→ **WHAT YOU HAVE TO DO**
From the entries below, please output exactly the lines starting at the one containing "(\<forall>X \<in> Lp_space M p. \<forall>t::real." and ending at the one containing "is finite, and", both included.

***** RECORDS *****

(* Let $g:\mathbb{R}^N\to\mathbb{R}$ and a family of random functions $g(\theta,\xi)$ differentiable in $\theta$ be given. Given $\theta_1,v_0\in\mathbb{R}^N$, define for $n\ge1$: $v_n=\alpha v_{n-1}+\epsilon_n\nabla_\theta g(\theta_n,\xi_n)$, $\theta_{n+1}=\theta_n-v_n$. Assume: (i) the $\xi_n$ are mutually independent and independent of $\theta_1,v_0$, and $g(x)=\mathbb{E}_{\xi_n}(g(x,\xi_n))$ for all $x$, $n$; (ii) $g$ is non-negative and continuously differentiable; $\{\theta:\nabla g(\theta)=0\}\ne\emptyset$; $\|\nabla g(x)-\nabla g(y)\|\le c\|x-y\|$ for some $c>0$; and there is $M>0$ with $\mathbb{E}_{\xi_n}\big(\|\nabla_\theta g(\theta)-\nabla_\theta g(\theta,\xi_n)\|^2\big)\le M(1+g(\theta))$ for all $\theta$, $n$; (iii) $\alpha\in[0,1)$, and $\epsilon_n>0$ decreases monotonically to $0$ with $\sum\epsilon_n=\infty$, $\sum\epsilon_n^2<\infty$. Then there is a constant $B(v_0,\theta_1)>0$ depending only on $v_0$ and $\theta_1$ such that for all $n\ge1$, $$\sum_{t=1}^n\epsilon_t\,\mathbb{E}\big(\|\nabla_\theta g(\theta_t)\|^2\big)<B(v_0,\theta_1)<+\infty,$$ and $\sum_{t=1}^{\infty}\epsilon_t\|\nabla_\theta g(\theta_t)\|^2<+\infty$ almost surely.
   Context: $\|\cdot\|$ is the Euclidean norm; $\mathbb{E}_{\xi_n}$ denotes expectation with respect to $\xi_n$ only. *)

theory Defs
  imports "HOL-Probability.Probability"
begin

text \<open>Stochastic gradient descent with heavy-ball momentum.
  The state after k steps is (theta_(k+1), v_k):
  v_n = alpha v_(n-1) + eps_n DG(theta_n, xi_n),  theta_(n+1) = theta_n - v_n.\<close>

fun sgdm_state ::
  "real \<Rightarrow> (nat \<Rightarrow> real) \<Rightarrow> ('a::real_vector \<Rightarrow> 'b \<Rightarrow> 'a) \<Rightarrow> (nat \<Rightarrow> 'w \<Rightarrow> 'b)
    \<Rightarrow> 'a \<Rightarrow> 'a \<Rightarrow> nat \<Rightarrow> 'w \<Rightarrow> 'a \<times> 'a" where
  "sgdm_state \<alpha> \<epsilon> DG \<xi> \<theta>1 v0 0 \<omega> = (\<theta>1, v0)"
| "sgdm_state \<alpha> \<epsilon> DG \<xi> \<theta>1 v0 (Suc k) \<omega> =
     (let (\<theta>, v) = sgdm_state \<alpha> \<epsilon> DG \<xi> \<theta>1 v0 k \<omega>;
          v' = \<alpha> *\<^sub>R v + \<epsilon> (Suc k) *\<^sub>R DG \<theta> (\<xi> (Suc k) \<omega>)
      in (\<theta> - v', v'))"

text \<open>theta_n for n >= 1 (the value at n = 0 is irrelevant).\<close>
definition sgdm_theta ::
  "real \<Rightarrow> (nat \<Rightarrow> real) \<Rightarrow> ('a::real_vector \<Rightarrow> 'b \<Rightarrow> 'a) \<Rightarrow> (nat \<Rightarrow> 'w \<Rightarrow> 'b)
    \<Rightarrow> 'a \<Rightarrow> 'a \<Rightarrow> nat \<Rightarrow> 'w \<Rightarrow> 'a" where
  "sgdm_theta \<alpha> \<epsilon> DG \<xi> \<theta>1 v0 n \<omega> = fst (sgdm_state \<alpha> \<epsilon> DG \<xi> \<theta>1 v0 (n - 1) \<omega>)"

end

theory Submission
  imports Defs "HOL-Probability.Probability"
begin
(* Let $\varrho:\mathcal{Z}\to\mathbb{R}\cup\{+\infty\}$ be a coherent risk measure with preference to small outcomes that satisfies property T: $\varrho[X+\alpha e^i]=\varrho[X]+\alpha$ for all $X\in\mathcal{Z}$, $\alpha\in\mathbb{R}$, $i=1,\dots,m$. Then $\varrho$ is linear on constant vectors, i.e. the map $\mathbb{R}^m\ni a\mapsto\varrho[a]$ (with $a$ viewed as a constant random vector) is linear.
   Context: $(\Omega,\mathcal{F},P)$ is a probability space, $m\ge1$, $p\in[1,\infty)$, $\mathcal{Z}=\mathcal{L}_p(\Omega,\mathcal{F},P;\mathbb{R}^m)$ with norm topology. $e^i\in\mathbb{R}^m$ is the $i$-th unit vector and $\mathbb{I}$ the constant random vector with all components $1$. A coherent risk measure with preference to small outcomes is a lower semicontinuous functional $\varrho:\mathcal{Z}\to\mathbb{R}\cup\{+\infty\}$ with nonempty domain satisfying: (A1) convexity; (A2) $X_i\ge Y_i$ a.s. for all $i$ implies $\varrho[X]\ge\varrho[Y]$; (A3) $\varrho[tX]=t\varrho[X]$ for $t>0$; (A4) $\varrho[X+a\mathbb{I}]=\varrho[X]+a\varrho[\mathbb{I}]$ for all $X\in\mathcal{Z}$, $a\in\mathbb{R}$. *)

theory Defs
  imports "HOL-Probability.Probability"
begin

text \<open>The space Z = L_p(Omega, F, P; R^m), represented by measurable representatives
  (functions); R^m is real^'m with the Euclidean norm.\<close>

definition Lp_space :: "'a measure \<Rightarrow> real \<Rightarrow> ('a \<Rightarrow> real^'m) set" where
  "Lp_space M p = {X. X \<in> borel_measurable M \<and> integrable M (\<lambda>\<omega>. norm (X \<omega>) powr p)}"

definition Lp_dist :: "'a measure \<Rightarrow> real \<Rightarrow> ('a \<Rightarrow> real^'m) \<Rightarrow> ('a \<Rightarrow> real^'m) \<Rightarrow> real" where
  "Lp_dist M p X Y = (integral\<^sup>L M (\<lambda>\<omega>. norm (X \<omega> - Y \<omega>) powr p)) powr (1 / p)"

definition ones :: "'a \<Rightarrow> real^'m" where
  "ones = (\<lambda>\<omega>. \<chi> i. 1)"

definition coherent_risk_measure ::
  "'a measure \<Rightarrow> real \<Rightarrow> (('a \<Rightarrow> real^'m) \<Rightarrow> ereal) \<Rightarrow> bool" where
  "coherent_risk_measure M p \<rho> \<longleftrightarrow>
     \<comment> \<open>values in R \<union> {+\<infinity>}\<close>
     (\<forall>X \<in> Lp_space M p. \<rho> X \<noteq> -\<infinity>) \<and>
     \<comment> \<open>nonempty domain\<close>
     (\<exists>X \<in> Lp_space M p. \<rho> X < \<infinity>) \<and>
     \<comment> \<open>lower semicontinuity w.r.t. the L_p norm topology\<close>
     (\<forall>X Xs. X \<in> Lp_space M p \<longrightarrow> (\<forall>n. Xs n \<in> Lp_space M p) \<longrightarrow>
        (\<lambda>n. Lp_dist M p (Xs n) X) \<longlonglongrightarrow> 0 \<longrightarrow>
        \<rho> X \<le> liminf (\<lambda>n. \<rho> (Xs n))) \<and>
     \<comment> \<open>(A1) convexity\<close>
     (\<forall>X \<in> Lp_space M p. \<forall>Y \<in> Lp_space M p. \<forall>t::real. 0 \<le> t \<and> t \<le> 1 \<longrightarrow>
        \<rho> (\<lambda>\<omega>. t *\<^sub>R X \<omega> + (1 - t) *\<^sub>R Y \<omega>) \<le> ereal t * \<rho> X + ereal (1 - t) * \<rho> Y) \<and>
     \<comment> \<open>(A2) monotonicity\<close>
     (\<forall>X \<in> Lp_space M p. \<forall>Y \<in> Lp_space M p.
        (AE \<omega> in M. \<forall>i. X \<omega> $ i \<ge> Y \<omega> $ i) \<longrightarrow> \<rho> X \<ge> \<rho> Y) \<and>
     \<comment> \<open>(A3) positive homogeneity\<close>
     (\<forall>X \<in> Lp_space M p. \<forall>t::real. t > 0 \<longrightarrow> \<rho> (\<lambda>\<omega>. t *\<^sub>R X \<omega>) = ereal t * \<rho> X) \<and>
     \<comment> \<open>(A4) translation by multiples of the all-ones vector\<close>
     (\<forall>X \<in> Lp_space M p. \<forall>a::real.
        \<rho> (\<lambda>\<omega>. X \<omega> + a *\<^sub>R ones \<omega>) = \<rho> X + ereal a * \<rho> ones)"

definition property_T :: "'a measure \<Rightarrow> real \<Rightarrow> (('a \<Rightarrow> real^'m) \<Rightarrow> ereal) \<Rightarrow> bool" where
  "property_T M p \<rho> \<longleftrightarrow>
     (\<forall>X \<in> Lp_space M p. \<forall>\<alpha>::real. \<forall>i.
        \<rho> (\<lambda>\<omega>. X \<omega> + \<alpha> *\<^sub>R axis i 1) = \<rho> X + ereal \<alpha>)"

end

theory Submission
  imports Defs
begin

text \<open>Lower semicontinuity and positive homogeneity force \<open>\<rho>[0] = 0\<close>: for any \<open>X\<close> with
  \<open>\<rho>[X] < \<infinity>\<close>, the vectors \<open>X/n\<close> tend to \<open>0\<close> while \<open>\<rho>[X/n] = \<rho>[X]/n \<rightarrow> 0\<close>, so \<open>\<rho>[0] \<le> 0\<close>
  is finite, and \<open>\<rho>[0] = \<rho>[2\<cdot>0] = 2\<rho>[0]\<close>. Writing a constant vector as \<open>a = \<Sum>\<^sub>i a\<^sub>i e\<^sup>i\<close> and
  applying property T once per coordinate then gives \<open>\<rho>[a] = \<rho>[0] + \<Sum>\<^sub>i a\<^sub>i = \<Sum>\<^sub>i a\<^sub>i\<close>,
  a linear function of \<open>a\<close>.\<close>

lemma zero_in_Lp_space: "(\<lambda>\<omega>. 0) \<in> Lp_space M p"
  unfolding Lp_space_def by simp

lemma const_in_Lp_space:
  assumes "finite_measure M"
  shows "(\<lambda>\<omega>. c) \<in> Lp_space M p"
  using assms unfolding Lp_space_def by (simp add: finite_measure.integrable_const)

lemma scaleR_in_Lp_space:
  assumes "X \<in> Lp_space M p" "0 \<le> t"
  shows "(\<lambda>\<omega>. t *\<^sub>R X \<omega>) \<in> Lp_space M p"
proof -
  have "(\<lambda>\<omega>. norm (t *\<^sub>R X \<omega>) powr p) = (\<lambda>\<omega>. t powr p * norm (X \<omega>) powr p)"
    using assms(2) by (simp add: powr_mult)
  then show ?thesis
    using assms(1) unfolding Lp_space_def by (auto intro: integrable_mult_right)
qed

lemma Lp_dist_scaleR_zero:
  assumes "0 \<le> t" "0 < p"
  shows "Lp_dist M p (\<lambda>\<omega>. t *\<^sub>R X \<omega>) (\<lambda>\<omega>. 0) = t * Lp_dist M p X (\<lambda>\<omega>. 0)"
proof -
  define I where "I = integral\<^sup>L M (\<lambda>\<omega>. norm (X \<omega>) powr p)"
  have "(\<lambda>\<omega>. norm (t *\<^sub>R X \<omega> - 0) powr p) = (\<lambda>\<omega>. t powr p * norm (X \<omega>) powr p)"
    using assms(1) by (simp add: powr_mult)
  then have "Lp_dist M p (\<lambda>\<omega>. t *\<^sub>R X \<omega>) (\<lambda>\<omega>. 0) = (t powr p * I) powr (1/p)"
    unfolding Lp_dist_def I_def by simp
  also have "\<dots> = (t powr p) powr (1/p) * I powr (1/p)"
    by (rule powr_mult)
  also have "(t powr p) powr (1/p) = t"
    using assms by (simp add: powr_powr)
  finally show ?thesis
    unfolding Lp_dist_def I_def by simp
qed

lemma coherent_risk_measure_zero_le:
  assumes "coherent_risk_measure M p \<rho>" "0 < p"
  shows "\<rho> (\<lambda>\<omega>. 0) \<le> 0"
proof -
  note crm = assms(1)[unfolded coherent_risk_measure_def]
  obtain X where X: "X \<in> Lp_space M p" "\<rho> X < \<infinity>"
    using crm by blast
  moreover have "\<rho> X \<noteq> -\<infinity>"
    using crm X by blast
  ultimately obtain r where r: "\<rho> X = ereal r"
    by (cases "\<rho> X") auto
  define Xs where "Xs n = (\<lambda>\<omega>. (1 / Suc n) *\<^sub>R X \<omega>)" for n
  have Xs_Lp: "\<forall>n. Xs n \<in> Lp_space M p"
    unfolding Xs_def using scaleR_in_Lp_space[OF X(1)] by simp
  have "(\<lambda>n. (1 / Suc n) * Lp_dist M p X (\<lambda>\<omega>. 0)) \<longlonglongrightarrow> 0 * Lp_dist M p X (\<lambda>\<omega>. 0)"
    by (intro tendsto_intros LIMSEQ_inverse_real_of_nat[unfolded inverse_eq_divide])
  moreover have "Lp_dist M p (Xs n) (\<lambda>\<omega>. 0) = (1 / Suc n) * Lp_dist M p X (\<lambda>\<omega>. 0)" for n
    unfolding Xs_def by (rule Lp_dist_scaleR_zero[OF _ assms(2)]) simp
  ultimately have "(\<lambda>n. Lp_dist M p (Xs n) (\<lambda>\<omega>. 0)) \<longlonglongrightarrow> 0"
    by simp
  then have "\<rho> (\<lambda>\<omega>. 0) \<le> liminf (\<lambda>n. \<rho> (Xs n))"
    using crm zero_in_Lp_space Xs_Lp by blast
  also have "(\<lambda>n. \<rho> (Xs n)) = (\<lambda>n. ereal (r / Suc n))"
    using crm X r unfolding Xs_def by simp
  also have "liminf \<dots> = 0"
  proof (rule lim_imp_Liminf[OF trivial_limit_sequentially])
    have "(\<lambda>n. r * inverse (Suc n)) \<longlonglongrightarrow> r * 0"
      by (intro tendsto_intros LIMSEQ_inverse_real_of_nat)
    then show "(\<lambda>n. ereal (r / Suc n)) \<longlonglongrightarrow> 0"
      by (simp add: zero_ereal_def divide_inverse)
  qed
  finally show ?thesis .
qed

lemma coherent_risk_measure_zero:
  assumes "coherent_risk_measure M p \<rho>" "0 < p"
  shows "\<rho> (\<lambda>\<omega>. 0) = 0"
proof -
  note crm = assms(1)[unfolded coherent_risk_measure_def]
  have "\<rho> (\<lambda>\<omega>. 0) \<noteq> -\<infinity>"
    using crm zero_in_Lp_space by blast
  then obtain s where s: "\<rho> (\<lambda>\<omega>. 0) = ereal s"
    using coherent_risk_measure_zero_le[OF assms] by (cases "\<rho> (\<lambda>\<omega>. 0)") auto
  have hom: "\<forall>X \<in> Lp_space M p. \<forall>t::real. t > 0 \<longrightarrow> \<rho> (\<lambda>\<omega>. t *\<^sub>R X \<omega>) = ereal t * \<rho> X"
    using crm by blast
  have "\<rho> (\<lambda>\<omega>. (2::real) *\<^sub>R 0) = ereal 2 * \<rho> (\<lambda>\<omega>. 0)"
    using hom[rule_format, OF zero_in_Lp_space, of 2] by simp
  then show ?thesis
    using s by (simp add: zero_ereal_def)
qed

lemma property_T_const_add:
  assumes "finite_measure M" "property_T M p \<rho>"
  shows "\<rho> (\<lambda>\<omega>. c + v) = \<rho> (\<lambda>\<omega>. c) + ereal (\<Sum>i\<in>UNIV. v $ i)"
proof -
  have T: "\<rho> (\<lambda>\<omega>. X \<omega> + \<alpha> *\<^sub>R axis i 1) = \<rho> X + ereal \<alpha>" if "X \<in> Lp_space M p" for X \<alpha> i
    using assms(2) that unfolding property_T_def by blast
  have "\<rho> (\<lambda>\<omega>. c + (\<Sum>i\<in>S. v $ i *\<^sub>R axis i 1)) = \<rho> (\<lambda>\<omega>. c) + ereal (\<Sum>i\<in>S. v $ i)"
    if "finite S" for S
    using that
  proof (induction S arbitrary: c rule: finite_induct)
    case empty
    then show ?case by (simp add: zero_ereal_def)
  next
    case (insert x F)
    have "\<rho> (\<lambda>\<omega>. c + (\<Sum>i\<in>insert x F. v $ i *\<^sub>R axis i 1))
        = \<rho> (\<lambda>\<omega>. (c + v $ x *\<^sub>R axis x 1) + (\<Sum>i\<in>F. v $ i *\<^sub>R axis i 1))"
      using insert.hyps by (simp add: algebra_simps)
    also have "\<dots> = \<rho> (\<lambda>\<omega>. c + v $ x *\<^sub>R axis x 1) + ereal (\<Sum>i\<in>F. v $ i)"
      by (rule insert.IH)
    also have "\<rho> (\<lambda>\<omega>. c + v $ x *\<^sub>R axis x 1) = \<rho> (\<lambda>\<omega>. c) + ereal (v $ x)"
      using T[OF const_in_Lp_space[OF assms(1)]] by simp
    finally show ?case
      using insert.hyps by (simp add: add.assoc)
  qed
  from this[of UNIV] show ?thesis
    using basis_expansion[of v] by (simp add: scalar_mult_eq_scaleR)
qed

theorem corollary3:
  fixes M :: "'a measure" and p :: real and \<rho> :: "('a \<Rightarrow> real^'m) \<Rightarrow> ereal"
  assumes "prob_space M"
    and "1 \<le> p"
    and "coherent_risk_measure M p \<rho>"
    and "property_T M p \<rho>"
  shows "\<exists>f :: real^'m \<Rightarrow> real. linear f \<and> (\<forall>a. \<rho> (\<lambda>\<omega>. a) = ereal (f a))"
proof (intro exI conjI allI)
  show "linear (\<lambda>a::real^'m. \<Sum>i\<in>UNIV. a $ i)"
    by (intro linear_compose_sum ballI bounded_linear.linear[OF bounded_linear_vec_nth])
  have "finite_measure M"
    using assms(1) by (rule prob_space.axioms)
  moreover have "\<rho> (\<lambda>\<omega>. 0) = 0"
    using assms(2,3) by (intro coherent_risk_measure_zero) auto
  ultimately show "\<rho> (\<lambda>\<omega>. a) = ereal (\<Sum>i\<in>UNIV. a $ i)" for a :: "real^'m"
    using property_T_const_add[OF _ assms(4), of 0 a] by simp
qed

end
lemma ick_theory_cond_succ:
  assumes T: "ick_theory L511_axioms T"
  shows "ick_theory L511_axioms (cond_succ T a)"
  unfolding ick_theory_def
proof (intro conjI subsetI allI impI)
  fix c assume "c \<in> ICK_ext L511_axioms"
  then have "Cond a c \<in> ICK_ext L511_axioms"
    using ICK_ext.mp[OF L511_Imp_Cond] ICK_ext.mp[OF ICK_ext_K] by blast
  then show "c \<in> cond_succ T a" unfolding cond_succ_def using ick_theory_derivable[OF T] by blast
next
  fix b c assume "Imp b c \<in> cond_succ T a" and "b \<in> cond_succ T a"
  then have "And (Cond a (Imp b c)) (Cond a b) \<in> T"
    using ick_theory_And_iff[OF T] unfolding cond_succ_def by blast
  then have "And (Imp b c) b \<in> cond_succ T a"
    using ick_theory_derivable_mp[OF T ICK_ext_Cond_And] unfolding cond_succ_def by blast
  moreover have "Cond (And (Imp b c) b) c \<in> T"
    using ick_theory_derivable_mp[OF T L511_Imp_Cond ick_theory_derivable[OF T ICK_ext_mp_And]] .
  ultimately show "c \<in> cond_succ T a"
    using cond_succ_trans[OF T] unfolding cond_succ_def by blast
qed

section \<open>The canonical model\<close>

definition canon_worlds :: "fm set set" where
  "canon_worlds = {T. prime_theory L511_axioms T}"

definition canon_le :: "fm set rel" where
  "canon_le = {(x, y). x \<in> canon_worlds \<and> y \<in> canon_worlds \<and> x \<subseteq> y}"
lemma phi_ut_bounded:
  assumes "0 < \<tau>" "\<epsilon> \<tau> \<le> 1"
  shows "\<exists>c. \<phi> (ut \<tau>) = ereal c \<and> c \<le> M + A' + B' * (M + dist u u1)\<^sup>2"
proof -
  have B'_dist: "0 \<le> B' * (dist (ut \<tau>) u1)\<^sup>2" using B'_pos by simp
  have "dist (ut \<tau>) u1 \<le> M + dist u u1"
    using ut_bdd[OF assms(1)] dist_triangle[of "ut \<tau>" u1 u] by simp
  then have "(dist (ut \<tau>) u1)\<^sup>2 \<le> (M + dist u u1)\<^sup>2" by (intro power_mono) auto
  then have "M - (- A' - B' * (dist (ut \<tau>) u1)\<^sup>2) \<le> M + A' + B' * (M + dist u u1)\<^sup>2"
    using B'_pos by (simp add: mult_left_mono)
  moreover have "\<phi> (ut \<tau>) \<le> ereal (M - (- A' - B' * (dist (ut \<tau>) u1)\<^sup>2))"
    using B'_dist ut_bdd[OF assms(1)] P_lower[OF eps_pos[OF assms(1)]] eps_pos[OF assms(1)] assms(2)
      A'_pos phi_not_MInf
    by (intro ereal_bound_from_perturbed_bound) auto
  ultimately show ?thesis using phi_not_MInf[of "ut \<tau>"] by (cases "\<phi> (ut \<tau>)") auto
qed
lemma generalized_elements_unique:
  assumes wcd: "weakly_cong_distributive C" and ab: "a \<in> hom C Z X" "b \<in> hom C Z X"
  shows "a = b"
proof -
  note q = projections_in_hom
  have twist_comp: "Comp C twist (tp x y y) = tp x (mal y y x) x"
    if "x \<in> hom C Z X" "y \<in> hom C Z X" for x y
    unfolding twist_def
    using tpairing_comp[OF tpairing(1)[OF that(1,2,2)] q(1) mal_q2_q3_q1_in_hom q(1)]
      mal_comp[OF tpairing(1)[OF that(1,2,2)] q(2,3,1)] tpairing[OF that(1,2,2)] by simp
  have "Comp C twist (tp a a a) = Comp C twist (tp a b b)"
    using twist_comp[OF ab(1,1)] twist_comp[OF ab] mal_left_cancel[OF ab(1,1)] mal_left_cancel[OF ab]
    by simp
  then have "tp a a a = tp a b b"
    using weakly_cong_distributive_monoI[OF wcd
        tpairing(1)[OF q(1,2,1)] tpairing(1)[OF q(1,1,3)] tpairing(1)[OF q(1) mal_q2_q3_q1_in_hom q(1)]
        tpairing(1)[OF q(1,1,1)],
        folded keep12_def keep13_def twist_def keep1_def,
        OF jointly_monic_keep12_twist jointly_monic_keep13_twist
        kernel_le_keep1[OF q(2,1), folded keep12_def] kernel_le_keep1[OF q(1,3), folded keep13_def]
        kernel_le_keep1[OF mal_q2_q3_q1_in_hom q(1), folded twist_def] kernel_le_relcomp_keep1
        tpairing(1)[OF ab(1,1,1)] tpairing(1)[OF ab(1,2,2)]]
    by blast
  then show ?thesis using tpairing_eq_iff[OF ab(1,1,1) ab(1,2,2)] by blast
qed

end

lemma mono_bangI:
  assumes "category C" "terminal C T" "X \<in> Ob C"
    and "\<And>Z a b. a \<in> hom C Z X \<Longrightarrow> b \<in> hom C Z X \<Longrightarrow> a = b"
  shows "mono C (bang C T X)"
  using bang_in_hom[OF assms(2,3)] assms(4) unfolding mono_def by (auto simp: in_hom_iff)

lemma product_universal:
  assumes "product C x y P p1 p2" "Z \<in> Ob C" "a \<in> hom C Z x" "b \<in> hom C Z y"
  shows "\<exists>!u. u \<in> hom C Z P \<and> Comp C p1 u = a \<and> Comp C p2 u = b"
  using assms unfolding product_def by blast

lemma product_pairing:
  assumes "category C" "product C x y P p1 p2" "a \<in> hom C Z x" "b \<in> hom C Z y"
  shows "pairing C P p1 p2 a b \<in> hom C Z P" "Comp C p1 (pairing C P p1 p2 a b) = a"
    "Comp C p2 (pairing C P p1 p2 a b) = b"
proof -
  have "Z \<in> Ob C" "Dom C a = Z" using hom_objects[OF assms(1,3)] assms(3) by (auto simp: in_hom_iff)
  from theI'[OF product_universal[OF assms(2) this(1) assms(3,4)]] this(2)
  show "pairing C P p1 p2 a b \<in> hom C Z P" "Comp C p1 (pairing C P p1 p2 a b) = a"
    "Comp C p2 (pairing C P p1 p2 a b) = b"
    unfolding pairing_def by auto
qed

lemma product_pairing_comp:
  assumes "category C" "product C x y P p1 p2" "h \<in> hom C Z' Z" "a \<in> hom C Z x" "b \<in> hom C Z y"
  shows "Comp C (pairing C P p1 p2 a b) h = pairing C P p1 p2 (Comp C a h) (Comp C b h)"
proof -
  note u = product_pairing[OF assms(1,2,4,5)]
  have p: "p1 \<in> hom C P x" "p2 \<in> hom C P y" using assms(2) unfolding product_def by auto
  have ah: "Comp C a h \<in> hom C Z' x" "Comp C b h \<in> hom C Z' y"
    using Comp_in_hom[OF assms(1,3)] assms(4,5) by auto
  have "Z' \<in> Ob C" using hom_objects[OF assms(1,3)] by blast
  moreover have "Comp C (pairing C P p1 p2 a b) h \<in> hom C Z' P"
    "Comp C p1 (Comp C (pairing C P p1 p2 a b) h) = Comp C a h"
    "Comp C p2 (Comp C (pairing C P p1 p2 a b) h) = Comp C b h"
    using Comp_in_hom[OF assms(1,3) u(1)] Comp_assoc[OF assms(1,3) u(1) p(1)]
      Comp_assoc[OF assms(1,3) u(1) p(2)] u by simp_all
  ultimately show ?thesis
    using product_universal[OF assms(2) _ ah] product_pairing[OF assms(1,2) ah] by blast
qed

*****

→ **RESULT FOR THIS TASK**
     (\<forall>X \<in> Lp_space M p. \<forall>t::real. t > 0 \<longrightarrow> \<rho> (\<lambda>\<omega>. t *\<^sub>R X \<omega>) = ereal t * \<rho> X) \<and>
     \<comment> \<open>(A4) translation by multiples of the all-ones vector\<close>
     (\<forall>X \<in> Lp_space M p. \<forall>a::real.
        \<rho> (\<lambda>\<omega>. X \<omega> + a *\<^sub>R ones \<omega>) = \<rho> X + ereal a * \<rho> ones)"

definition property_T :: "'a measure \<Rightarrow> real \<Rightarrow> (('a \<Rightarrow> real^'m) \<Rightarrow> ereal) \<Rightarrow> bool" where
  "property_T M p \<rho> \<longleftrightarrow>
     (\<forall>X \<in> Lp_space M p. \<forall>\<alpha>::real. \<forall>i.
        \<rho> (\<lambda>\<omega>. X \<omega> + \<alpha> *\<^sub>R axis i 1) = \<rho> X + ereal \<alpha>)"

end

theory Submission
  imports Defs
begin

text \<open>Lower semicontinuity and positive homogeneity force \<open>\<rho>[0] = 0\<close>: for any \<open>X\<close> with
  \<open>\<rho>[X] < \<infinity>\<close>, the vectors \<open>X/n\<close> tend to \<open>0\<close> while \<open>\<rho>[X/n] = \<rho>[X]/n \<rightarrow> 0\<close>, so \<open>\<rho>[0] \<le> 0\<close>
  is finite, and \<open>\<rho>[0] = \<rho>[2\<cdot>0] = 2\<rho>[0]\<close>. Writing a constant vector as \<open>a = \<Sum>\<^sub>i a\<^sub>i e\<^sup>i\<close> and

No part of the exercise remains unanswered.